Requirement:
Look for the word "ultimately" in the entries and copy each line where it appears.

[Data items]
lemma ball_polar_region_radius_bounds:
  assumes "(r, \<phi>) \<in> ball_polar_region R s"
  shows "r \<in> {R - s..R + s}"
proof -
  have \<phi>: "0 \<le> \<phi>" "\<phi> \<le> pi / 2" and ineq: "r\<^sup>2 - 2 * r * R * cos \<phi> + R\<^sup>2 \<le> s\<^sup>2"
    using assms by (auto simp: ball_polar_region_def)
  have cos: "0 \<le> cos \<phi>" "cos \<phi> \<le> 1"
    using \<phi> by (auto intro: cos_ge_zero)
  have "0 \<le> r"
  proof (rule ccontr)
    assume "\<not> 0 \<le> r"
    then have "r * (R * cos \<phi>) \<le> 0"
      using R_pos cos by (intro mult_nonpos_nonneg) auto
    then have "R\<^sup>2 \<le> r\<^sup>2 - 2 * r * R * cos \<phi> + R\<^sup>2"
      using zero_le_power2[of r] by linarith
    moreover have "s\<^sup>2 < R\<^sup>2"
      using s_pos s_less_R by (simp add: power_strict_mono)
    ultimately show False
      using ineq by linarith
  qed
  then have "2 * r * R * cos \<phi> \<le> 2 * r * R"
    using R_pos cos by (simp add: mult_left_le)
  then have "(r - R)\<^sup>2 \<le> s\<^sup>2"
    using ineq by (simp add: power2_eq_square algebra_simps)
  then have "\<bar>r - R\<bar> \<le> s"
    using s_pos by (simp add: abs_le_square_iff[symmetric])
  then show ?thesis
    by auto
qed

lemma le_arcsin_ratio_iff:
  assumes "0 \<le> \<phi>" "\<phi> \<le> pi / 2"
  shows "\<phi> \<le> arcsin (s / R) \<longleftrightarrow> R * sin \<phi> \<le> s"
  using le_arcsin_iff[of "s / R" \<phi>] assms R_pos s_pos s_less_R by (simp add: field_simps)

lemma arcsin_ratio_bounds: "0 \<le> arcsin (s / R)" "arcsin (s / R) \<le> pi / 2"
proof -
  have "0 \<le> s / R" "s / R \<le> 1"
    using R_pos s_pos s_less_R by auto
  then show "0 \<le> arcsin (s / R)" "arcsin (s / R) \<le> pi / 2"
    using arcsin_le_arcsin[of 0 "s / R"] arcsin_bounded[of "s / R"] by auto
qed

lemma mem_ball_polar_region_iff_radius:
  "(r, \<phi>) \<in> ball_polar_region R s \<longleftrightarrow>
     \<phi> \<in> {0..arcsin (s / R)} \<and> \<bar>r - R * cos \<phi>\<bar> \<le> sqrt (s\<^sup>2 - (R * sin \<phi>)\<^sup>2)"
proof (cases "0 \<le> \<phi> \<and> \<phi> \<le> pi / 2")
  case True
  have "(r - R * cos \<phi>)\<^sup>2 - (s\<^sup>2 - (R * sin \<phi>)\<^sup>2) = r\<^sup>2 - 2 * r * R * cos \<phi> + R\<^sup>2 - s\<^sup>2"
    using sin_cos_squared_add[of \<phi>] by algebra
  then have "(r, \<phi>) \<in> ball_polar_region R s \<longleftrightarrow> (r - R * cos \<phi>)\<^sup>2 \<le> s\<^sup>2 - (R * sin \<phi>)\<^sup>2"
    using True unfolding ball_polar_region_def by auto
  also have "\<dots> \<longleftrightarrow> \<bar>r - R * cos \<phi>\<bar> \<le> sqrt (s\<^sup>2 - (R * sin \<phi>)\<^sup>2)"
    by (metis real_sqrt_abs real_sqrt_le_iff)
  also have "\<dots> \<longleftrightarrow> R * sin \<phi> \<le> s \<and> \<bar>r - R * cos \<phi>\<bar> \<le> sqrt (s\<^sup>2 - (R * sin \<phi>)\<^sup>2)"
  proof -
    have "0 \<le> sin \<phi>"
      using True by (intro sin_ge_zero) auto
    then have "0 \<le> R * sin \<phi>"
      using R_pos by simp
    then have "s < R * sin \<phi> \<Longrightarrow> s\<^sup>2 - (R * sin \<phi>)\<^sup>2 < 0"
      using s_pos power_strict_mono[of s "R * sin \<phi>" 2] by simp
    then show ?thesis
      by (metis abs_ge_zero not_le order.trans real_sqrt_lt_0_iff)
  qed
  finally show ?thesis
    using True le_arcsin_ratio_iff by auto
next
  case False
  then show ?thesis
    using arcsin_ratio_bounds by (auto simp: ball_polar_region_def)
qed

lemma sin_sq_le_on_arcsin_range:
  assumes "\<phi> \<in> {0..arcsin (s / R)}"
  shows "(R * sin \<phi>)\<^sup>2 \<le> s\<^sup>2"
proof -
  have \<phi>: "0 \<le> \<phi>" "\<phi> \<le> pi / 2"
    using assms arcsin_ratio_bounds by auto
  then have "0 \<le> sin \<phi>"
    by (intro sin_ge_zero) auto
  moreover have "R * sin \<phi> \<le> s"
    using assms le_arcsin_ratio_iff[OF \<phi>] by simp
  ultimately show ?thesis
    using R_pos by (intro power_mono) auto
qed

lemma radial_section_has_integral:
  assumes "\<phi> \<in> {0..arcsin (s / R)}"
  shows "0 \<le> R * cos \<phi> - sqrt (s\<^sup>2 - (R * sin \<phi>)\<^sup>2)"
    and "((\<lambda>r. r) has_integral 2 * R * cos \<phi> * sqrt (s\<^sup>2 - (R * sin \<phi>)\<^sup>2))
           {R * cos \<phi> - sqrt (s\<^sup>2 - (R * sin \<phi>)\<^sup>2)..R * cos \<phi> + sqrt (s\<^sup>2 - (R * sin \<phi>)\<^sup>2)}"
proof -
  define q where "q = sqrt (s\<^sup>2 - (R * sin \<phi>)\<^sup>2)"
  have \<phi>: "0 \<le> \<phi>" "\<phi> \<le> pi / 2"
    using assms arcsin_ratio_bounds by auto
  have q_sq: "q\<^sup>2 = s\<^sup>2 - (R * sin \<phi>)\<^sup>2" and "0 \<le> q"
    using sin_sq_le_on_arcsin_range[OF assms] by (simp_all add: q_def)
  have "(R * cos \<phi>)\<^sup>2 = R\<^sup>2 - (R * sin \<phi>)\<^sup>2"
    using sin_cos_squared_add[of \<phi>] by algebra
  then have "q\<^sup>2 \<le> (R * cos \<phi>)\<^sup>2"
    unfolding q_sq using s_pos s_less_R power_strict_mono[of s R 2] by simp
  moreover have "0 \<le> R * cos \<phi>"
    using R_pos \<phi> by (simp add: cos_ge_zero)
  ultimately have "q \<le> R * cos \<phi>"
    by (rule power2_le_imp_le)
  then show "0 \<le> R * cos \<phi> - q"
    by simp
  have "((\<lambda>r. r) has_integral ((R * cos \<phi> + q)\<^sup>2 - (R * cos \<phi> - q)\<^sup>2) / 2)
          {R * cos \<phi> - q..R * cos \<phi> + q}"
    using \<open>0 \<le> q\<close> by (intro ident_has_integral) simp
  then show "((\<lambda>r. r) has_integral 2 * R * cos \<phi> * q) {R * cos \<phi> - q..R * cos \<phi> + q}"
    by (simp add: power2_eq_square algebra_simps)
qed

lemma arcsin_substituted_chord_integrand:
  assumes \<psi>: "\<psi> \<in> {0..pi / 2}"
  shows "s / R * cos \<psi> / sqrt (1 - (s / R * sin \<psi>)\<^sup>2) *
      (sin (arcsin (s / R * sin \<psi>)) ^ m * (2 * R * cos (arcsin (s / R * sin \<psi>)) *
        sqrt (s\<^sup>2 - (R * sin (arcsin (s / R * sin \<psi>)))\<^sup>2))) =
    2 * s ^ (m + 2) / R ^ m * (sin \<psi> ^ m * (cos \<psi>)\<^sup>2)"
proof -
  define k where "k = s / R"
  define y where "y = k * sin \<psi>"
  have k: "0 < k" "k < 1" "R * k = s"
    using R_pos s_pos s_less_R by (auto simp: k_def)
  have "0 \<le> sin \<psi>" "0 \<le> cos \<psi>"
    using \<psi> by (auto intro!: sin_ge_zero cos_ge_zero)
  have "k * sin \<psi> \<le> k"
    using k \<open>0 \<le> sin \<psi>\<close> by (simp add: mult_left_le)
  then have y: "0 \<le> y" "y < 1"
    using k \<open>0 \<le> sin \<psi>\<close> unfolding y_def by (simp, linarith)
  then have "0 < sqrt (1 - y\<^sup>2)"
    by (simp add: power_less_one_iff abs_square_less_1)
  have "s\<^sup>2 - (R * y)\<^sup>2 = (s * cos \<psi>)\<^sup>2"
    using sin_cos_squared_add[of \<psi>] k(3) unfolding y_def by algebra
  then have "sqrt (s\<^sup>2 - (R * y)\<^sup>2) = s * cos \<psi>"
    using s_pos \<open>0 \<le> cos \<psi>\<close> by simp
  then have "k * cos \<psi> / sqrt (1 - y\<^sup>2) *
      (sin (arcsin y) ^ m * (2 * R * cos (arcsin y) * sqrt (s\<^sup>2 - (R * sin (arcsin y))\<^sup>2))) =
      2 * (R * k) * s * k ^ m * sin \<psi> ^ m * (cos \<psi>)\<^sup>2"
    using y \<open>0 < sqrt (1 - y\<^sup>2)\<close> by (simp add: cos_arcsin y_def power_mult_distrib power2_eq_square)
  also have "\<dots> = 2 * s ^ (m + 2) / R ^ m * (sin \<psi> ^ m * (cos \<psi>)\<^sup>2)"
    using R_pos by (simp add: k(3) k_def power_divide power_add power2_eq_square)
  finally show ?thesis
    by (simp add: y_def k_def)
qed

lemma integral_sin_power_chord:
  "integral {0..arcsin (s / R)} (\<lambda>\<phi>. sin \<phi> ^ m * (2 * R * cos \<phi> * sqrt (s\<^sup>2 - (R * sin \<phi>)\<^sup>2))) =
   2 * s ^ (m + 2) / R ^ m * integral {0..pi / 2} (\<lambda>\<psi>. sin \<psi> ^ m * (cos \<psi>)\<^sup>2)"
proof -
  have k: "0 < s / R" "s / R < 1"
    using R_pos s_pos s_less_R by auto
  have cont: "continuous_on {0..arcsin (s / R)}
      (\<lambda>\<phi>. sin \<phi> ^ m * (2 * R * cos \<phi> * sqrt (s\<^sup>2 - (R * sin \<phi>)\<^sup>2)))"
    by (intro continuous_intros)
  have "integral {0..arcsin (s / R)}
      (\<lambda>\<phi>. sin \<phi> ^ m * (2 * R * cos \<phi> * sqrt (s\<^sup>2 - (R * sin \<phi>)\<^sup>2))) =
      integral {0..pi / 2} (\<lambda>\<psi>. 2 * s ^ (m + 2) / R ^ m * (sin \<psi> ^ m * (cos \<psi>)\<^sup>2))"
    unfolding integral_arcsin_substitution[OF k cont]
    by (intro integral_cong arcsin_substituted_chord_integrand)
  then show ?thesis
    by simp
qed

context
  fixes g :: "real \<Rightarrow> real"
  assumes g_cont: "continuous_on UNIV g"
    and g_nonneg: "\<And>\<phi>. 0 \<le> \<phi> \<Longrightarrow> \<phi> \<le> pi / 2 \<Longrightarrow> 0 \<le> g \<phi>"
begin

lemma nn_integral_ball_polar_region_fixed_radius:
  assumes r: "r \<in> {R - s..R + s}"
  shows "(\<integral>\<^sup>+\<phi>. ennreal (indicator (ball_polar_region R s) (r, \<phi>) * (r * g \<phi>)) \<partial>lborel) =
    ennreal (r * integral {0..cap_angle R s r} g)"
proof -
  have "(\<integral>\<^sup>+\<phi>. ennreal (indicator (ball_polar_region R s) (r, \<phi>) * (r * g \<phi>)) \<partial>lborel) =
      (\<integral>\<^sup>+\<phi>. ennreal (indicator {0..cap_angle R s r} \<phi> * (r * g \<phi>)) \<partial>lborel)"
    using r by (intro nn_integral_cong) (simp add: indicator_def mem_ball_polar_region_iff_angle)
  also have "\<dots> = ennreal (r * integral {0..cap_angle R s r} g)"
  proof (rule nn_integral_has_integral_lebesgue)
    show "0 \<le> r * g \<phi>" if "\<phi> \<in> {0..cap_angle R s r}" for \<phi>
    proof -
      have "0 < r" "0 \<le> \<phi>" "\<phi> \<le> pi / 2"
        using that r s_less_R cap_angle_bounds[OF r] by auto
      then show ?thesis
        using g_nonneg by simp
    qed
    show "((\<lambda>\<phi>. r * g \<phi>) has_integral r * integral {0..cap_angle R s r} g) {0..cap_angle R s r}"
      by (intro has_integral_mult_right integrable_integral integrable_continuous_real
          continuous_on_subset[OF g_cont] subset_UNIV)
  qed
  finally show ?thesis .
qed

lemma nn_integral_ball_polar_region_radius_outer:
  "(\<integral>\<^sup>+r. \<integral>\<^sup>+\<phi>. ennreal (indicator (ball_polar_region R s) (r, \<phi>) * (r * g \<phi>)) \<partial>lborel \<partial>lborel) =
   ennreal (integral {R - s..R + s} (\<lambda>r. r * integral {0..cap_angle R s r} g))"
  and integral_cap_angle_nonneg:
  "0 \<le> integral {R - s..R + s} (\<lambda>r. r * integral {0..cap_angle R s r} g)"
proof -
  define F where "F r = r * integral {0..cap_angle R s r} g" for r
  have inner: "(\<integral>\<^sup>+\<phi>. ennreal (indicator (ball_polar_region R s) (r, \<phi>) * (r * g \<phi>)) \<partial>lborel) =
      ennreal (indicator {R - s..R + s} r * F r)" for r
  proof (cases "r \<in> {R - s..R + s}")
    case True
    then show ?thesis
      using nn_integral_ball_polar_region_fixed_radius[OF True] by (simp add: F_def)
  next
    case False
    then have "(r, \<phi>) \<notin> ball_polar_region R s" for \<phi>
      using ball_polar_region_radius_bounds by blast
    then show ?thesis
      using False by simp
  qed
  have "continuous_on {0..pi / 2} (\<lambda>\<theta>. integral {0..\<theta>} g)"
    by (intro indefinite_integral_continuous_1 integrable_continuous_real
        continuous_on_subset[OF g_cont] subset_UNIV)
  then have "continuous_on {R - s..R + s} F"
    unfolding F_def using cap_angle_bounds
    by (intro continuous_intros continuous_on_compose2[OF _ continuous_on_cap_angle]) auto
  moreover have "0 \<le> F r" if "r \<in> {R - s..R + s}" for r
    unfolding F_def using that s_less_R cap_angle_bounds[OF that]
    by (intro mult_nonneg_nonneg integral_nonneg integrable_continuous_real
        continuous_on_subset[OF g_cont] subset_UNIV) (auto intro!: g_nonneg)
  ultimately show
    "(\<integral>\<^sup>+r. \<integral>\<^sup>+\<phi>. ennreal (indicator (ball_polar_region R s) (r, \<phi>) * (r * g \<phi>)) \<partial>lborel \<partial>lborel) =
     ennreal (integral {R - s..R + s} (\<lambda>r. r * integral {0..cap_angle R s r} g))"
    "0 \<le> integral {R - s..R + s} (\<lambda>r. r * integral {0..cap_angle R s r} g)"
    unfolding inner F_def[symmetric]
    by (auto intro!: nn_integral_has_integral_lebesgue integral_nonneg integrable_integral
        integrable_continuous_real)
qed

Answer to this task:
    ultimately show False
  ultimately show ?thesis
  ultimately have "q \<le> R * cos \<phi>"
  ultimately show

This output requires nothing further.